2021-07-08 14:47:07.254303: W tensorflow/core/grappler/costs/op_level_cost_estimator.cc:689] Error in PredictCost() for the op: op: “Softmax” attr { key: “T” value { type: DT_FLOAT } } inputs { dtype: DT_FLOAT shape { unknown_rank: true } } device { type: “GPU” vendor: “NVIDIA” model: “NVIDIA Tesla T4” frequency: 1590 num_cores: 40 environment { key: “architecture” value: “7.5” } environment { key: “cuda” value: “11020” } environment { key: “cudnn” value: “8100” } num_registers: 65536 l1_cache_size: 24576 l2_cache_size: 4194304 shared_memory_size_per_multiprocessor: 65536 memory_size: 14476378112 bandwidth: 320064000 } outputs { dtype: DT_FLOAT shape { unknown_rank: true } }

2021-07-08 14:47:07.254996: W tensorflow/core/grappler/costs/op_level_cost_estimator.cc:689] Error in PredictCost() for the op: op: “Softmax” attr { key: “T” value { type: DT_FLOAT } } inputs { dtype: DT_FLOAT shape { unknown_rank: true } } device { type: “GPU” vendor: “NVIDIA” model: “NVIDIA Tesla T4” frequency: 1590 num_cores: 40 environment { key: “architecture” value: “7.5” } environment { key: “cuda” value: “11020” } environment { key: “cudnn” value: “8100” } num_registers: 65536 l1_cache_size: 24576 l2_cache_size: 4194304 shared_memory_size_per_multiprocessor: 65536 memory_size: 14476378112 bandwidth: 320064000 } outputs { dtype: DT_FLOAT shape { unknown_rank: true } }

2021-07-08 14:47:07.258484: W tensorflow/core/grappler/costs/op_level_cost_estimator.cc:689] Error in PredictCost() for the op: op: “Softmax” attr { key: “T” value { type: DT_FLOAT } } inputs { dtype: DT_FLOAT shape { unknown_rank: true } } device { type: “GPU” vendor: “NVIDIA” model: “NVIDIA Tesla T4” frequency: 1590 num_cores: 40 environment { key: “architecture” value: “7.5” } environment { key: “cuda” value: “11020” } environment { key: “cudnn” value: “8100” } num_registers: 65536 l1_cache_size: 24576 l2_cache_size: 4194304 shared_memory_size_per_multiprocessor: 65536 memory_size: 14476378112 bandwidth: 320064000 } outputs { dtype: DT_FLOAT shape { unknown_rank: true } }

2021-07-08 14:47:39.548000: I training.py:202] Evaluation predictions saved to 1.train_result/eval/predictions.txt.5000

Traceback (most recent call last):

File “/usr/local/bin/onmt-main”, line 8, in

sys.exit(main())

File “/usr/local/lib/python3.6/dist-packages/opennmt/bin/main.py”, line 326, in main

hvd=hvd,

File “/usr/local/lib/python3.6/dist-packages/opennmt/runner.py”, line 281, in train

moving_average_decay=train_config.get(“moving_average_decay”),

File “/usr/local/lib/python3.6/dist-packages/opennmt/training.py”, line 145, in call

evaluator, step, moving_average=moving_average

File “/usr/local/lib/python3.6/dist-packages/opennmt/training.py”, line 202, in _evaluate

evaluator(step)

File “/usr/local/lib/python3.6/dist-packages/opennmt/evaluation.py”, line 343, in call

score = scorer(self._labels_file, output_path)

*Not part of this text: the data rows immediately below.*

lemma linked_cycles_eq_image:
  "{S. linked_cycle n S} =
     (\<lambda>(P, g). (\<lambda>B. (B, g B)) ` P) ` (SIGMA P:{P. linked_partition n P}. \<Pi>\<^sub>E B\<in>P. cyclic_arrangements B)"
  (is "_ = ?graph ` ?Sigma")
proof (intro equalityI subsetI)
  fix S assume "S \<in> {S. linked_cycle n S}"
  then have LP: "linked_partition n (fst ` S)" and inj: "inj_on fst S"
    and cyc: "\<And>B c. (B, c) \<in> S \<Longrightarrow> cyclic_arrangement B c"
    unfolding linked_cycle_def by auto
  define g where "g = restrict (\<lambda>B. THE c. (B, c) \<in> S) (fst ` S)"
  have g: "g B = c" if "(B, c) \<in> S" for B c
  proof -
    have "(THE c. (B, c) \<in> S) = c"
      using that inj_onD[OF inj _ that] by (intro the_equality) auto
    then show ?thesis
      unfolding g_def using that by force
  qed
  have "g \<in> extensional (fst ` S)"
    unfolding g_def by simp
  then have "g \<in> (\<Pi>\<^sub>E B\<in>fst ` S. cyclic_arrangements B)"
    using g cyc by (auto simp: PiE_iff cyclic_arrangements_def)
  moreover have "S = ?graph (fst ` S, g)"
    using g by force
  ultimately show "S \<in> ?graph ` ?Sigma"
    using LP by blast
next
  fix S assume "S \<in> ?graph ` ?Sigma"
  then obtain P g where "linked_partition n P" "g \<in> (\<Pi>\<^sub>E B\<in>P. cyclic_arrangements B)"
    and S: "S = (\<lambda>B. (B, g B)) ` P"
    by blast
  moreover have "fst ` S = P"
    unfolding S by force
  ultimately show "S \<in> {S. linked_cycle n S}"
    unfolding linked_cycle_def cyclic_arrangements_def inj_on_def by auto
qed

File “/usr/local/lib/python3.6/dist-packages/opennmt/utils/scorers.py”, line 92, in call

bleu = sacrebleu.corpus_bleu(sys_stream, [ref_stream], force=True)

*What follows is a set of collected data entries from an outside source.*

(* Let $X$ be a Banach space and $f:X\to\mathbb R\cup\{+\infty\}$ a proper lower semicontinuous convex function with $S=\{x:f(x)\le0\}\ne\emptyset$. Let $K_f$ be the infimum of $K\ge 0$ such that $d(x,S)\le K\,(f(x))^+$ for all $x\in X$ ($K_f=+\infty$ if none). Then $$K_f^{-1}=\inf\Big\{\sup_{\|h\|\le1}\big(-f'(x;h)\big):\ 0<f(x)<\infty\Big\},$$ with conventions $1/0=\infty$, $1/\infty=0$, $\inf\emptyset=+\infty$.
   Context: $f'(x;h)=\lim_{t\downarrow0}t^{-1}(f(x+th)-f(x))\in[-\infty,+\infty]$ is the directional derivative of the convex function $f$ at $x\in\operatorname{dom}f$. *)

theory Defs
  imports "HOL-Analysis.Analysis"
begin

definition proper_fun :: "('a \<Rightarrow> ereal) \<Rightarrow> bool" where
  "proper_fun f \<longleftrightarrow> (\<forall>x. f x \<noteq> -\<infinity>) \<and> (\<exists>x. f x < \<infinity>)"

definition lsc_fun :: "('a::topological_space \<Rightarrow> ereal) \<Rightarrow> bool" where
  "lsc_fun f \<longleftrightarrow> (\<forall>x. f x \<le> Liminf (at x) f)"

definition convex_fun :: "('a::real_vector \<Rightarrow> ereal) \<Rightarrow> bool" where
  "convex_fun f \<longleftrightarrow> convex {(x, r::real). f x \<le> ereal r}"

definition dir_deriv :: "('a::real_normed_vector \<Rightarrow> ereal) \<Rightarrow> 'a \<Rightarrow> 'a \<Rightarrow> ereal" where
  "dir_deriv f x h = Lim (at_right (0::real)) (\<lambda>t. (f (x + t *\<^sub>R h) - f x) / ereal t)"

text \<open>Error bound constant \<open>K_f\<close>: infimum of admissible \<open>K \<ge> 0\<close>; \<open>Inf {} = \<infinity>\<close>.\<close>
definition error_bound_const :: "('a::real_normed_vector \<Rightarrow> ereal) \<Rightarrow> ereal" where
  "error_bound_const f = Inf (ereal ` {K::real. K \<ge> 0 \<and>
      (\<forall>x. ereal (infdist x {y. f y \<le> 0}) \<le> ereal K * max 0 (f x))})"

end

theory Submission
  imports Defs
begin

text \<open>
  Write \<open>|\<nabla>f|(x)\<close> for the slope \<open>sup\<^sub>\<parallel>h\<parallel>\<^sub>\<le>\<^sub>1 -f'(x;h)\<close>. For convex \<open>f\<close> the directional
  derivative is the infimum of the difference quotients, so a point \<open>z\<close> with \<open>f(z) \<le> 0\<close> seen
  from \<open>x\<close> in direction \<open>(z - x)/\<parallel>z - x\<parallel>\<close> gives \<open>|\<nabla>f|(x) \<ge> f(x)/\<parallel>z - x\<parallel>\<close>; an error bound
  \<open>d(x,S) \<le> K f(x)\<close> thus forces \<open>|\<nabla>f|(x) \<ge> 1/K\<close>.

  Conversely, suppose \<open>|\<nabla>f| > c\<close> wherever \<open>0 < f < \<infinity>\<close>. Ekeland's variational principle for
  \<open>f\<^sup>+\<close> yields \<open>z\<close> with \<open>f\<^sup>+(z) + c\<parallel>z - x\<parallel> \<le> f\<^sup>+(x)\<close> which is the strict minimiser of
  \<open>f\<^sup>+ + c\<parallel>\<cdot> - z\<parallel>\<close>. If \<open>f(z) > 0\<close>, a direction of slope greater than \<open>c\<close> would decrease this
  function, so \<open>f(z) \<le> 0\<close> and \<open>d(x,S) \<le> f(x)/c\<close>.
\<close>

section \<open>Lower semicontinuity and convexity\<close>

lemma proper_fun_not_MInf: "proper_fun f \<Longrightarrow> f x \<noteq> -\<infinity>"
  unfolding proper_fun_def by auto

lemma lsc_fun_eventually_greater:
  assumes "lsc_fun f" and "c < f x"
  shows "\<forall>\<^sub>F y in nhds x. c < f y"
proof -
  have "\<forall>\<^sub>F y in at x. c < f y"
    using assms unfolding lsc_fun_def le_Liminf_iff by blast
  then have "\<forall>\<^sub>F y in nhds x. y \<noteq> x \<longrightarrow> c < f y" by (simp add: eventually_at_filter)
  then show ?thesis by (rule eventually_mono) (metis assms(2))
qed

lemma lsc_fun_closed_epigraph:
  fixes f :: "'a::topological_space \<Rightarrow> ereal"
  assumes "lsc_fun f"
  shows "closed {(x, r::real). f x \<le> ereal r}"
  unfolding closed_def
proof (rule open_prod_intro)
  fix p assume "p \<in> - {(x, r). f x \<le> ereal r}"
  then obtain x r where p: "p = (x, r)" and "ereal r < f x" by (cases p) auto
  then obtain r' where r': "r < r'" "ereal r' < f x"
    using ereal_dense2[OF \<open>ereal r < f x\<close>] by auto
  obtain U where U: "open U" "x \<in> U" "\<And>y. y \<in> U \<Longrightarrow> ereal r' < f y"
    using lsc_fun_eventually_greater[OF assms r'(2)] unfolding eventually_nhds by blast
  have "ereal s < f y" if "y \<in> U" "s < r'" for y s
    using U(3)[OF that(1)] that(2) by (simp add: order.strict_trans[of _ "ereal r'"])
  then have "U \<times> {..<r'} \<subseteq> - {(x, r). f x \<le> ereal r}"
    by (auto simp: not_le) (metis leD)
  then show "\<exists>A B. open A \<and> open B \<and> p \<in> A \<times> B \<and> A \<times> B \<subseteq> - {(x, r). f x \<le> ereal r}"
    using U r' p by (intro exI[of _ U] exI[of _ "{..<r'}"]) auto
qed

lemma closed_epigraph_pos_part:
  assumes "proper_fun f" and "lsc_fun f"
  shows "closed {(x, r). f x \<noteq> \<infinity> \<and> max 0 (real_of_ereal (f x)) \<le> r}"
proof -
  have "{(x, r). f x \<noteq> \<infinity> \<and> max 0 (real_of_ereal (f x)) \<le> r} =
      {(x, r). f x \<le> ereal r} \<inter> UNIV \<times> {0..}"
    using proper_fun_not_MInf[OF assms(1)] by (force simp: real_le_ereal_iff)
  then show ?thesis
    using lsc_fun_closed_epigraph[OF assms(2)] by (simp add: closed_Int closed_Times)
qed

lemma convex_funD:
  assumes "convex_fun f" "f x = ereal a" "f y = ereal b" "0 \<le> u" "u \<le> 1"
  shows "f ((1 - u) *\<^sub>R x + u *\<^sub>R y) \<le> ereal ((1 - u) * a + u * b)"
proof -
  let ?E = "{(x, r::real). f x \<le> ereal r}"
  have "(x, a) \<in> ?E" "(y, b) \<in> ?E" using assms(2,3) by auto
  then have "(1 - u) *\<^sub>R (x, a) + u *\<^sub>R (y, b) \<in> ?E"
    using assms(1,4,5) unfolding convex_fun_def by (intro convexD) auto
  then show ?thesis by simp
qed

lemma convex_fun_diff_quotient_mono:
  assumes cf: "convex_fun f" and pf: "proper_fun f" and fx: "f x = ereal a"
    and st: "0 < s" "s \<le> t"
  shows "(f (x + s *\<^sub>R h) - f x) / ereal s \<le> (f (x + t *\<^sub>R h) - f x) / ereal t"
proof (cases "f (x + t *\<^sub>R h)")
  case PInf
  then show ?thesis using st fx by (simp add: divide_ereal_def)
next
  case MInf
  then show ?thesis using proper_fun_not_MInf[OF pf] by blast
next
  case (real b)
  define u where "u = s / t"
  have u: "0 \<le> u" "u \<le> 1" using st by (auto simp: u_def)
  have "x + s *\<^sub>R h = (1 - u) *\<^sub>R x + u *\<^sub>R (x + t *\<^sub>R h)"
    using st by (simp add: u_def algebra_simps)
  then have "f (x + s *\<^sub>R h) \<le> ereal ((1 - u) * a + u * b)"
    using convex_funD[OF cf fx real u] by simp
  then obtain c where c: "f (x + s *\<^sub>R h) = ereal c" "c - a \<le> u * (b - a)"
    using proper_fun_not_MInf[OF pf, of "x + s *\<^sub>R h"]
    by (cases "f (x + s *\<^sub>R h)") (auto simp: algebra_simps)
  have "(c - a) / s \<le> u * (b - a) / s" using c(2) st by (simp add: divide_right_mono)
  also have "\<dots> = (b - a) / t" using st by (simp add: u_def field_simps)
  finally show ?thesis using c real fx st by (simp add: divide_ereal_def inverse_eq_divide)
qed

lemma tendsto_at_right_INF:
  fixes q :: "real \<Rightarrow> 'b::{complete_linorder, linorder_topology}"
  assumes mono: "\<And>s t. 0 < s \<Longrightarrow> s \<le> t \<Longrightarrow> q s \<le> q t"
  shows "(q \<longlongrightarrow> (INF t\<in>{0<..}. q t)) (at_right 0)"
proof (rule order_tendstoI)
  fix y assume "y < (INF t\<in>{0<..}. q t)"
  then have "\<forall>t>0. y < q t" by (auto simp: less_INF_D)
  then show "\<forall>\<^sub>F t in at_right 0. y < q t"
    by (auto simp: eventually_at_right[of 0 1] intro!: exI[of _ 1])
next
  fix y assume "(INF t\<in>{0<..}. q t) < y"
  then obtain t where t: "0 < t" "q t < y" by (auto simp: INF_less_iff)
  then have "\<forall>s>0. s < t \<longrightarrow> q s < y"
    using mono by (meson less_imp_le order_le_less_trans)
  then show "\<forall>\<^sub>F s in at_right 0. q s < y"
    using t by (auto simp: eventually_at_right[of 0 1] intro!: exI[of _ t])
qed

lemma tendsto_diff_quotient_INF:
  assumes cf: "convex_fun f" and pf: "proper_fun f" and fx: "f x \<noteq> \<infinity>"
  shows "((\<lambda>t. (f (x + t *\<^sub>R h) - f x) / ereal t) \<longlongrightarrow>
      (INF t\<in>{0<..}. (f (x + t *\<^sub>R h) - f x) / ereal t)) (at_right 0)"
proof -
  obtain a where "f x = ereal a" using fx proper_fun_not_MInf[OF pf] by (cases "f x") auto
  then show ?thesis
    by (intro tendsto_at_right_INF convex_fun_diff_quotient_mono[OF cf pf])
qed

lemma dir_deriv_eq_INF:
  assumes "convex_fun f" and "proper_fun f" and "f x \<noteq> \<infinity>"
  shows "dir_deriv f x h = (INF t\<in>{0<..}. (f (x + t *\<^sub>R h) - f x) / ereal t)"
  unfolding dir_deriv_def using tendsto_diff_quotient_INF[OF assms] by (intro tendsto_Lim) auto

lemma tendsto_dir_deriv:
  assumes "convex_fun f" and "proper_fun f" and "f x \<noteq> \<infinity>"
  shows "((\<lambda>t. (f (x + t *\<^sub>R h) - f x) / ereal t) \<longlongrightarrow> dir_deriv f x h) (at_right 0)"
  unfolding dir_deriv_eq_INF[OF assms] by (rule tendsto_diff_quotient_INF[OF assms])
lemma sum_wsum_filter_eq:
  fixes V :: "word \<Rightarrow> 'a::ab_group_add" and f :: "word \<Rightarrow> nat"
  shows "(\<forall>w\<in>set X. f w \<le> N) \<Longrightarrow> (\<Sum>j\<le>N. wsum V (filter (\<lambda>w. f w = j) X)) = wsum V X"
proof (induct X)
  case Nil
  then show ?case by simp
next
  case (Cons w X)
  have "(\<Sum>j\<le>N. wsum V (filter (\<lambda>u. f u = j) (w # X))) =
        (\<Sum>j\<le>N. (if f w = j then V w else 0) + wsum V (filter (\<lambda>u. f u = j) X))"
    by (rule sum.cong) auto
  also have "\<dots> = (\<Sum>j\<le>N. (if f w = j then V w else 0)) + (\<Sum>j\<le>N. wsum V (filter (\<lambda>u. f u = j) X))"
    by (rule sum.distrib)
  also have "(\<Sum>j\<le>N. (if f w = j then V w else 0)) = V w"
    using Cons.prems by (subst sum.delta'[where b = "\<lambda>_. V w"]) auto
  finally show ?case using Cons by simp
qed

lemma sum_count_words: "(\<Sum>j\<le>n. wsum V (count_words j n)) = wsum V (shuffle_words n)"
  unfolding count_words_def by (rule sum_wsum_filter_eq) (simp add: count_12_shuffle_words)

File “/usr/local/lib/python3.6/dist-packages/sacrebleu/compat.py”, line 36, in corpus_bleu

sys_stream, ref_streams, use_effective_order=use_effective_order)

File “/usr/local/lib/python3.6/dist-packages/sacrebleu/metrics/bleu.py”, line 286, in corpus_score

raise EOFError(“No valid references for a sentence!”)

EOFError: No valid references for a sentence

guillaumekln · July 8, 2021, 3:25pm

Can you post the following information:

The version you upgraded from
The content of the YAML configuration file

guillaumekln · July 8, 2021, 4:01pm

Looking at the code of SacreBLEU, you probably have an empty line in your evaluation file.

sandeepch · September 15, 2021, 12:51pm

Hi, do you have an update on this issue?

Edit : I checked that my validation has no empty lines (except the last line)

guillaumekln · September 15, 2021, 1:20pm

Can you try with the latest version of SacreBLEU?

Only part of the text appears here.